[Collected data]
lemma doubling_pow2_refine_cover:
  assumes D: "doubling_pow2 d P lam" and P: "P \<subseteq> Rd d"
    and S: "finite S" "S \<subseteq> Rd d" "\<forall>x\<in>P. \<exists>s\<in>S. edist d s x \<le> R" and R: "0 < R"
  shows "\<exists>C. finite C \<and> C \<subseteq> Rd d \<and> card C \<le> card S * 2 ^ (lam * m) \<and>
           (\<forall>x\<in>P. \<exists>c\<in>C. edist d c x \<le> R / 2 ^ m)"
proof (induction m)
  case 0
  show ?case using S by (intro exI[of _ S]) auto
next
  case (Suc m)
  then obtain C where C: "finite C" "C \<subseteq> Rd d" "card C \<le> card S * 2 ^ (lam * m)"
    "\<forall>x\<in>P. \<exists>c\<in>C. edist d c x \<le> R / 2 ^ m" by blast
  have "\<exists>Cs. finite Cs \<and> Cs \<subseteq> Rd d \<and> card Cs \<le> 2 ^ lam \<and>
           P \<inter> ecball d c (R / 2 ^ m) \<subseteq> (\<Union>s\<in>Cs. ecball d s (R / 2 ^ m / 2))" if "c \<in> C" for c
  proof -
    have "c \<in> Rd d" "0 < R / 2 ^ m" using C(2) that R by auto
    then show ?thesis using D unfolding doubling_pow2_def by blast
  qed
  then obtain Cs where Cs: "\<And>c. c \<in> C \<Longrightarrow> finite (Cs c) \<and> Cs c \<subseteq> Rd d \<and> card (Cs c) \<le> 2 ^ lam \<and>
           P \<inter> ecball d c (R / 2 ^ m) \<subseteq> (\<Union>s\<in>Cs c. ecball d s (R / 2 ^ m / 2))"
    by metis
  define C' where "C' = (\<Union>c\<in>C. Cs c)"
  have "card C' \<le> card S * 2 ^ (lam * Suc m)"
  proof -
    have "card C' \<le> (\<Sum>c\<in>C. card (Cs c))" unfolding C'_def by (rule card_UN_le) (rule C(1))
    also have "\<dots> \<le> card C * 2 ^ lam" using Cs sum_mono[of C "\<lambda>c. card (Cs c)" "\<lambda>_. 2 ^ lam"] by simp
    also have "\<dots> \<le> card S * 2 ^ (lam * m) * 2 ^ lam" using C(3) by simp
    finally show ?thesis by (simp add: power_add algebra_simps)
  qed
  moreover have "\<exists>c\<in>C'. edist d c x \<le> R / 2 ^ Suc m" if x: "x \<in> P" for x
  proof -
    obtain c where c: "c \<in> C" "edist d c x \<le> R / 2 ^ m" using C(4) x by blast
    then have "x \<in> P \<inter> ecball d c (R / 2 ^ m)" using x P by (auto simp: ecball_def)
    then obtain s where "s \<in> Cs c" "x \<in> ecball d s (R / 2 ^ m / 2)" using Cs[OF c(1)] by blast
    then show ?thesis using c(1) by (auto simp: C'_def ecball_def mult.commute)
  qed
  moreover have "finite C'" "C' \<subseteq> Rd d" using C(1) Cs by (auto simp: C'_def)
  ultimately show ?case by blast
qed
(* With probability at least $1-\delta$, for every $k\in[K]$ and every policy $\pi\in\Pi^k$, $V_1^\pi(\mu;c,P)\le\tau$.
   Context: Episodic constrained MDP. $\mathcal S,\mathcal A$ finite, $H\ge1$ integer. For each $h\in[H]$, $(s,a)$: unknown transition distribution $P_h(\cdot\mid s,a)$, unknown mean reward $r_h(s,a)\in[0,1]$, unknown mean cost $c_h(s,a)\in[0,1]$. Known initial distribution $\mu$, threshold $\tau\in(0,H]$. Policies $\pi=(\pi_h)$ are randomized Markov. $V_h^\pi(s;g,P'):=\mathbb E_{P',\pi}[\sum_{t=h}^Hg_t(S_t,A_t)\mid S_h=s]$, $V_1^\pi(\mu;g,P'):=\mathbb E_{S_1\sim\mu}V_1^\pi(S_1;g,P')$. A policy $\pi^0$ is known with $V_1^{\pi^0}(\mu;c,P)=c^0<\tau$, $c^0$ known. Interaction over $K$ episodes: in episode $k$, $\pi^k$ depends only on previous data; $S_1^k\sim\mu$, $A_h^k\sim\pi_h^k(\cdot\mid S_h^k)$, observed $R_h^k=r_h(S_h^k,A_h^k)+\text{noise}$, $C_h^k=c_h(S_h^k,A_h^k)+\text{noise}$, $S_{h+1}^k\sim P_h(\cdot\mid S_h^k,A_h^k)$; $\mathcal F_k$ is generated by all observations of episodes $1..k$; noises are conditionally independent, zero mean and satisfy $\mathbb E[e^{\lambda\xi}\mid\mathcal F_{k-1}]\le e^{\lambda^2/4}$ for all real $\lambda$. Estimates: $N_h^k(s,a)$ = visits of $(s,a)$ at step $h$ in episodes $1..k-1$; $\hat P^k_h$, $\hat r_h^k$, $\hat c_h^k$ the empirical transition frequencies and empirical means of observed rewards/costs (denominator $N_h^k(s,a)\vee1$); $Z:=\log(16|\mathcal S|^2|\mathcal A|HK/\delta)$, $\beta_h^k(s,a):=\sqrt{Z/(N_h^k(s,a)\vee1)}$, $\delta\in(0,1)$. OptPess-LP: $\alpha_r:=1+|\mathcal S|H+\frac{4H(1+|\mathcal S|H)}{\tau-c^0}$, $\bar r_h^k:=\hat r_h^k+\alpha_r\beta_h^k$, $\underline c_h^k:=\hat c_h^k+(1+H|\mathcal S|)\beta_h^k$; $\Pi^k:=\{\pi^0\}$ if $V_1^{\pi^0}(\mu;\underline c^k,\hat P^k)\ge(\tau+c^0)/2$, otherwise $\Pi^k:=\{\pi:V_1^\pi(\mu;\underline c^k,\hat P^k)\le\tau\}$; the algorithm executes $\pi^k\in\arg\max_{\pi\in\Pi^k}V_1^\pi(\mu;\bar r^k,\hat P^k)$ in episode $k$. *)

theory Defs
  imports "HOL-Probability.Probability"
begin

...

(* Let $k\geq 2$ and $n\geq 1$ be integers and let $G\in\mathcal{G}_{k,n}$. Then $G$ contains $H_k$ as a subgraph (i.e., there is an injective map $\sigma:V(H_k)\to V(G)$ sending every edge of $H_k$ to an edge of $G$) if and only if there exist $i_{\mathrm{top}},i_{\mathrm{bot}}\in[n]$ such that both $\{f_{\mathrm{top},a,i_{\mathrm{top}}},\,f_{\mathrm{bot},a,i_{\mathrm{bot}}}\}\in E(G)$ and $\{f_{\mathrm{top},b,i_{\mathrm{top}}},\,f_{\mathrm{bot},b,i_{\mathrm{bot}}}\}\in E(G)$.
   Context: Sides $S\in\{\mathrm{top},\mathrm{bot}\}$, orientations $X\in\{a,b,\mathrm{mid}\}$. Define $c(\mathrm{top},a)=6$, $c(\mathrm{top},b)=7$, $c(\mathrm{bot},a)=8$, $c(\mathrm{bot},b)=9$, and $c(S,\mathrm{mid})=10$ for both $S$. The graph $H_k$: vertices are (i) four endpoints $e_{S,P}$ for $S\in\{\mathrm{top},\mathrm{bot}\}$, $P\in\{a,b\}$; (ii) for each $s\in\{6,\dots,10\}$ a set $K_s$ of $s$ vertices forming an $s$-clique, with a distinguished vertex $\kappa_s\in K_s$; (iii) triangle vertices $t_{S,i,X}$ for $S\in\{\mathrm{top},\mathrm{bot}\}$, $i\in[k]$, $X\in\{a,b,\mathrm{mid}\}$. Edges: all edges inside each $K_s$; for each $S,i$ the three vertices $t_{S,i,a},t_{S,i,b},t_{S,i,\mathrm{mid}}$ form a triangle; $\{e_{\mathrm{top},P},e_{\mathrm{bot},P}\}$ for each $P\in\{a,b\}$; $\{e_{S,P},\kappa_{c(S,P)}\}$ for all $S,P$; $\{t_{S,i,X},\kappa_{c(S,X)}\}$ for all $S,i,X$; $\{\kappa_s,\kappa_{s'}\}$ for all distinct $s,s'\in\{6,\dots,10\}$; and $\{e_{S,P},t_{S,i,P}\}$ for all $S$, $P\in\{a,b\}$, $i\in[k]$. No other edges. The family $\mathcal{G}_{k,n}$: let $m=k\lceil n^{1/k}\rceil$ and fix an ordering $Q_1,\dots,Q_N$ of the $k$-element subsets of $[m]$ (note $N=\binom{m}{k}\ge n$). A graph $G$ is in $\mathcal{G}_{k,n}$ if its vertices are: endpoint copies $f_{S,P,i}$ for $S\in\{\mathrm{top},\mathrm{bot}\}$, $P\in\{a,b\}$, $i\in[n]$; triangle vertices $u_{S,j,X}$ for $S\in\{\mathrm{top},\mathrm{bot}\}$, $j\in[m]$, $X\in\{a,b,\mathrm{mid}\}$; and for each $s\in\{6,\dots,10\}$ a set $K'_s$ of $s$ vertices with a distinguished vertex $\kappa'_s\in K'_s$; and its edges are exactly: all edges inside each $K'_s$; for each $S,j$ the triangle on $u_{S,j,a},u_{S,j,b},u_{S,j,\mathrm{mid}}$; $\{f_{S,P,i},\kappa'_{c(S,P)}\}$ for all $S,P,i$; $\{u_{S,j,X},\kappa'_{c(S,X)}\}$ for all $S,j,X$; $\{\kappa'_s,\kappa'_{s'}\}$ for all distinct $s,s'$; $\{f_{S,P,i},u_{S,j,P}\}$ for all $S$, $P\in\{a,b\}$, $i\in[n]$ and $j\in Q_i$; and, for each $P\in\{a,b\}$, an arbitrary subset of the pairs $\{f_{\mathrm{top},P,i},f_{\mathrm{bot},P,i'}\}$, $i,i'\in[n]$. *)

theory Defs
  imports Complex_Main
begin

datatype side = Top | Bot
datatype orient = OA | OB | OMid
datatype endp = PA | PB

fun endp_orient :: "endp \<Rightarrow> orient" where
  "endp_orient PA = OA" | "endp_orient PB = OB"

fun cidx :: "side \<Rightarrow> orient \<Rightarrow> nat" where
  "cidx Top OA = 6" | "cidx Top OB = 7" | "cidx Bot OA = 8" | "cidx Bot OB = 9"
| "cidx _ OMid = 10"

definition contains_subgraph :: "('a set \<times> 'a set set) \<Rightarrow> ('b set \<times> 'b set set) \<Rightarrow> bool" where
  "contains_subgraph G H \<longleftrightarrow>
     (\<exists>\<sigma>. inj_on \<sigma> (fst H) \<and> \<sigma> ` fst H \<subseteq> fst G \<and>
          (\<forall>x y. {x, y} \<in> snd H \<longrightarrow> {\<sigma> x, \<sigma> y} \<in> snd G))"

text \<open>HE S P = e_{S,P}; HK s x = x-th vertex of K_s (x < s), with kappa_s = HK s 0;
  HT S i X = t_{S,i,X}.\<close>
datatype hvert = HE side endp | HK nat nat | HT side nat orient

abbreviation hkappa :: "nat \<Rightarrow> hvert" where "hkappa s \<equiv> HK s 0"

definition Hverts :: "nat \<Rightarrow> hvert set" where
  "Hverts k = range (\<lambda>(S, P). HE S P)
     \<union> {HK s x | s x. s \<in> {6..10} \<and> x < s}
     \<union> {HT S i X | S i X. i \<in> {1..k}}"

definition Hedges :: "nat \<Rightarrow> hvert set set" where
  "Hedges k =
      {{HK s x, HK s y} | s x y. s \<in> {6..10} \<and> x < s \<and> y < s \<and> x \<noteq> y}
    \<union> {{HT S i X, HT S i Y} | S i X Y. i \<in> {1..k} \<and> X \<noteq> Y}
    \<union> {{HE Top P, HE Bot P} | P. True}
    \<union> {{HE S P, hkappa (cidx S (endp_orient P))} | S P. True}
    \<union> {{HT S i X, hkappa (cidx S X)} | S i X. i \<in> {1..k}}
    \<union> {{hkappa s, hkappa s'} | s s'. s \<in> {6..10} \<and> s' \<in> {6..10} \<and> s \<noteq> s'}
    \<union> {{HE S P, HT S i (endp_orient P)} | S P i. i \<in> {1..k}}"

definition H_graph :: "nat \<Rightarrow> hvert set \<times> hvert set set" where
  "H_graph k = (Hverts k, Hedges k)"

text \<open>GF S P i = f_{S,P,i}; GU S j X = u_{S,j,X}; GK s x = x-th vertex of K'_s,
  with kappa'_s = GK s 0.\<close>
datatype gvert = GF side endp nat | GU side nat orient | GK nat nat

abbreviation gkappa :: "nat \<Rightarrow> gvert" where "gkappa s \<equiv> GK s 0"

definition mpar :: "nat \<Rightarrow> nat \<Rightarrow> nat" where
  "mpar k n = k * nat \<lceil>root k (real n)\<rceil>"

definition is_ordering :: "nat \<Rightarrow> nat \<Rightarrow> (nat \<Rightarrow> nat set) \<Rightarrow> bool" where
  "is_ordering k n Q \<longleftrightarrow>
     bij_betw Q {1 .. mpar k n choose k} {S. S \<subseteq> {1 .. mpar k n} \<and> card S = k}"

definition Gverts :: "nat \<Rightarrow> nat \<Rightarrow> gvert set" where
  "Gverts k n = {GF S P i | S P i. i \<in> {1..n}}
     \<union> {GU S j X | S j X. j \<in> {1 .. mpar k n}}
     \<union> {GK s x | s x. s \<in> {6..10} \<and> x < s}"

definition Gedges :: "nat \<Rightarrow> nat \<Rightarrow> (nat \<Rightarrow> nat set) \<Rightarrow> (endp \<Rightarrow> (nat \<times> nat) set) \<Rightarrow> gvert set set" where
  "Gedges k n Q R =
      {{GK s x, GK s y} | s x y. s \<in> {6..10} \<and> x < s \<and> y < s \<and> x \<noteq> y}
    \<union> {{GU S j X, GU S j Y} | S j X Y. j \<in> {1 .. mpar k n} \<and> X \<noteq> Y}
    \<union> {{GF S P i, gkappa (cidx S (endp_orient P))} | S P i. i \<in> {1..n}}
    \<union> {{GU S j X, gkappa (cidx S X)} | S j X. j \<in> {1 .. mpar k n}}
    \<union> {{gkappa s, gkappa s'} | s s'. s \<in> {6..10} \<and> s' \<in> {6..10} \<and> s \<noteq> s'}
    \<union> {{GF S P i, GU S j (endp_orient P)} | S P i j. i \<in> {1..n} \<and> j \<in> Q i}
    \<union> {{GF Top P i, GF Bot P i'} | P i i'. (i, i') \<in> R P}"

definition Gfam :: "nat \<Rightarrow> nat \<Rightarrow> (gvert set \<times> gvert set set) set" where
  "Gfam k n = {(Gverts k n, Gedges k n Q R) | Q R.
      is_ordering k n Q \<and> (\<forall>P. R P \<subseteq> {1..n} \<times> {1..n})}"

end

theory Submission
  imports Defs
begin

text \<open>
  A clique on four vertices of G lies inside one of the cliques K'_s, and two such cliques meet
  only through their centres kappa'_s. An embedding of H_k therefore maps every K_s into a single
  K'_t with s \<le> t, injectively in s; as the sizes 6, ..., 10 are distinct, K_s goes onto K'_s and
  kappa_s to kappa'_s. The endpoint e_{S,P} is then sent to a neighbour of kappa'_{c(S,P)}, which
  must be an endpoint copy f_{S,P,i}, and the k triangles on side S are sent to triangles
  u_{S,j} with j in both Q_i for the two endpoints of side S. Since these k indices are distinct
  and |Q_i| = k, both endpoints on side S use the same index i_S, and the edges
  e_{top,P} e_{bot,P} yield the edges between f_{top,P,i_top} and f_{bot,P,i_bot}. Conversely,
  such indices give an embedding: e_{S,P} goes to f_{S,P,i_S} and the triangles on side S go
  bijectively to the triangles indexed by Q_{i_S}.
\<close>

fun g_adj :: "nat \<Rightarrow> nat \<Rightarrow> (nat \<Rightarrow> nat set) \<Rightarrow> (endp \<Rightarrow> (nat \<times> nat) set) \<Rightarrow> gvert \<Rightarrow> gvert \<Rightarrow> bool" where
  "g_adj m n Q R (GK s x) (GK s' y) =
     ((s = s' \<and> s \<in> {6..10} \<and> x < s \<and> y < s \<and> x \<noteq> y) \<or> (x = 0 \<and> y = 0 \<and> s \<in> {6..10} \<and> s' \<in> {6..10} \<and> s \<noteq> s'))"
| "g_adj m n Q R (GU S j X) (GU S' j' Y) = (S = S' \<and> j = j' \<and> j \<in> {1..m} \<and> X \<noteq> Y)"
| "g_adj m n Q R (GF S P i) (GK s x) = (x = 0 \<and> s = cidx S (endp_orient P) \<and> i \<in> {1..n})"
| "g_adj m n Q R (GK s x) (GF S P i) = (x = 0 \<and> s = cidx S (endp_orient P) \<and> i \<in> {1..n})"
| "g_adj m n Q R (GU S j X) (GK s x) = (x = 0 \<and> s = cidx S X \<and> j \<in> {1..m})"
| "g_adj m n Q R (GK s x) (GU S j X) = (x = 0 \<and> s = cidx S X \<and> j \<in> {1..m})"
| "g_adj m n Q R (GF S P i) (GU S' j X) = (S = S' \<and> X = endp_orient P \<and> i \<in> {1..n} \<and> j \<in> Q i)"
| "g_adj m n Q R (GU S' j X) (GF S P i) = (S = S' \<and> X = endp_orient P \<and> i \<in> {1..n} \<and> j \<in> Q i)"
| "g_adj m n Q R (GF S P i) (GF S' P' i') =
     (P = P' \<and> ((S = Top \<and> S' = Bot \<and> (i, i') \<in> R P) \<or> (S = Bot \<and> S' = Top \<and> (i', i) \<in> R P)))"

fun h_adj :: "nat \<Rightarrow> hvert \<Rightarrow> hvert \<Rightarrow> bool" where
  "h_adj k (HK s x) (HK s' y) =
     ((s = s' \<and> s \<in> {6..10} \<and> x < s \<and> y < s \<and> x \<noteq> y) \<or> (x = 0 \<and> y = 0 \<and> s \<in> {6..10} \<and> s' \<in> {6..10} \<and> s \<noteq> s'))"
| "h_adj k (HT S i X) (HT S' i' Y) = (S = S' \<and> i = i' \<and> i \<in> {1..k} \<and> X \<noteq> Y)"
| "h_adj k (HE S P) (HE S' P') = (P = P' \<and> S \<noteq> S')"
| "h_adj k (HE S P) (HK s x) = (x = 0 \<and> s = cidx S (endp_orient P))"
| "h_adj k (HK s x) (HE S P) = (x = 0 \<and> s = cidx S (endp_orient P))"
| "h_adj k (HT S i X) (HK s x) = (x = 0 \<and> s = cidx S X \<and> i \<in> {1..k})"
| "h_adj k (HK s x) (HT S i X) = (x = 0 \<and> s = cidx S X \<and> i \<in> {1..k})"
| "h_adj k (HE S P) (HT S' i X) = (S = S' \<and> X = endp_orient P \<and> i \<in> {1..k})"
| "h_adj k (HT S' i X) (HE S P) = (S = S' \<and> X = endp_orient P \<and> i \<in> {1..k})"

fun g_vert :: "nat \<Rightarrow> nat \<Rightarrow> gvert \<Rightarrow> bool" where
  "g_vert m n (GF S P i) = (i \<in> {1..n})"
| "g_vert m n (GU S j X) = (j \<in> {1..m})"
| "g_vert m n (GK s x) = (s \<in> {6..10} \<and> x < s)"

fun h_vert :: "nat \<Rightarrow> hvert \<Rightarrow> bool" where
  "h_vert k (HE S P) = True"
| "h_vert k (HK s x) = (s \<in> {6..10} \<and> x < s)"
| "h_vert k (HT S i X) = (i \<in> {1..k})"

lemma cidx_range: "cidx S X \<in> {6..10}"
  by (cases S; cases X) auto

==

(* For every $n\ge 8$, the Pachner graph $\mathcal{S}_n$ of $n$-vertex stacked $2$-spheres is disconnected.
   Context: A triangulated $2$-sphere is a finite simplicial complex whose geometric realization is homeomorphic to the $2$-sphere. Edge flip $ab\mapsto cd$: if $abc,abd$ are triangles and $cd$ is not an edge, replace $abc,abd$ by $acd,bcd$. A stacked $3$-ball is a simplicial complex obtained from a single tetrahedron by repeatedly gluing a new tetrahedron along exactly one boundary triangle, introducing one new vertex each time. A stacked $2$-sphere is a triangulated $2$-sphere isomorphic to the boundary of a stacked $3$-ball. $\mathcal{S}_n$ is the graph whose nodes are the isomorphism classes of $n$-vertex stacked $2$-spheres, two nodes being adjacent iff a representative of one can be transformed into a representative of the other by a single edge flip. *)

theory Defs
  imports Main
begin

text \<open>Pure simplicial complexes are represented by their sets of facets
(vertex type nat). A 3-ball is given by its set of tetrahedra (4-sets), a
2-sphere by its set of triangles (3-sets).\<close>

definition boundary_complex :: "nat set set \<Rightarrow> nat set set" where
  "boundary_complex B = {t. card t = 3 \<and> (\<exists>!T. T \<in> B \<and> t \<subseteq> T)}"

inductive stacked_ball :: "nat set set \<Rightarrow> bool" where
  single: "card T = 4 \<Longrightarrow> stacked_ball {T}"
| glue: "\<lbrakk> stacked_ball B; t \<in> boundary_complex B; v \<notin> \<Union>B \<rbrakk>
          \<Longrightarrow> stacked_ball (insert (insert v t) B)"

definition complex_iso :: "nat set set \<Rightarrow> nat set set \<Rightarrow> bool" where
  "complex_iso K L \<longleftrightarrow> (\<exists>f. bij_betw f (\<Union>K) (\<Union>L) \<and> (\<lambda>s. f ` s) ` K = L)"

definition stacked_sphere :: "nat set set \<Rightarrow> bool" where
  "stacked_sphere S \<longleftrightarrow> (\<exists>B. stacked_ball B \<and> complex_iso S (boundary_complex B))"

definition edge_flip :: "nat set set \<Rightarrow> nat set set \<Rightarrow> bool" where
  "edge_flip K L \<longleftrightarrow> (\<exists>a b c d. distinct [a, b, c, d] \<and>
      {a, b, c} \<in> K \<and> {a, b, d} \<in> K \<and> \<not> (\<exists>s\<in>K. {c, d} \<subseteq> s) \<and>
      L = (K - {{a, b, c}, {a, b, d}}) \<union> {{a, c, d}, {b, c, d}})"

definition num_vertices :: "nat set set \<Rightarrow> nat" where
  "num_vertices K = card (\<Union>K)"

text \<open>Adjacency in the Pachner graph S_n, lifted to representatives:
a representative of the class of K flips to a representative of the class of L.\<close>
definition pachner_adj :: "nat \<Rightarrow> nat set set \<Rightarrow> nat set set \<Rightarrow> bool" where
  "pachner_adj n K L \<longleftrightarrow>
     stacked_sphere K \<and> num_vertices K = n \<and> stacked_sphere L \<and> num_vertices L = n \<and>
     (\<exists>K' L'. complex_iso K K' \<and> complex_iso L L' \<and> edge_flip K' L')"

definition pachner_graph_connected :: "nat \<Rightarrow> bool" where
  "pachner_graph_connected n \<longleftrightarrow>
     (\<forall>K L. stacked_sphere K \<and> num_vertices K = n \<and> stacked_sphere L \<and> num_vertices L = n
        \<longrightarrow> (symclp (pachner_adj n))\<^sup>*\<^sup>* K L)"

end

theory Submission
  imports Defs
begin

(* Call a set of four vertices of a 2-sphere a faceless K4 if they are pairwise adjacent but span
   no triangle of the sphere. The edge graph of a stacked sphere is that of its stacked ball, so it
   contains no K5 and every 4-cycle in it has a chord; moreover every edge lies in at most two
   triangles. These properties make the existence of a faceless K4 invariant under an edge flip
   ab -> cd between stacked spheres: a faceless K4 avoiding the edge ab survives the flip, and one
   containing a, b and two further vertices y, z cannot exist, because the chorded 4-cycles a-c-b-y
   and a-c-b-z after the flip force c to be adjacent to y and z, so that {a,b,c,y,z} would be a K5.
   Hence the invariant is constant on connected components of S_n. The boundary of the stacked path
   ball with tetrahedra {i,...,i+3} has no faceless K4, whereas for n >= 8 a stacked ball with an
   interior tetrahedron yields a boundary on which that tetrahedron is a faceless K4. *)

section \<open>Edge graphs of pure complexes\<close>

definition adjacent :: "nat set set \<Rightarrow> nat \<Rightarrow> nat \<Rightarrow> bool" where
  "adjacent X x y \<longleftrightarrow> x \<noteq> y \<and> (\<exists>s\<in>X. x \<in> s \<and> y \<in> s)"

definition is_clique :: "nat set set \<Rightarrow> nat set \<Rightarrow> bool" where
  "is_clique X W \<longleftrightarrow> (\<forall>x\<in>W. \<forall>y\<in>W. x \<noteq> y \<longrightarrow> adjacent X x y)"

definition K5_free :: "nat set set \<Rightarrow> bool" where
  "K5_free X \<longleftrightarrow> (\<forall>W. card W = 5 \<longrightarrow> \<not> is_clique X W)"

== Requirement ==
Whenever the string "True" occurs in a line of the entries above, copy that line.

== Output for this exercise ==
    \<union> {{HE Top P, HE Bot P} | P. True}
    \<union> {{HE S P, hkappa (cidx S (endp_orient P))} | S P. True}
  "h_vert k (HE S P) = True"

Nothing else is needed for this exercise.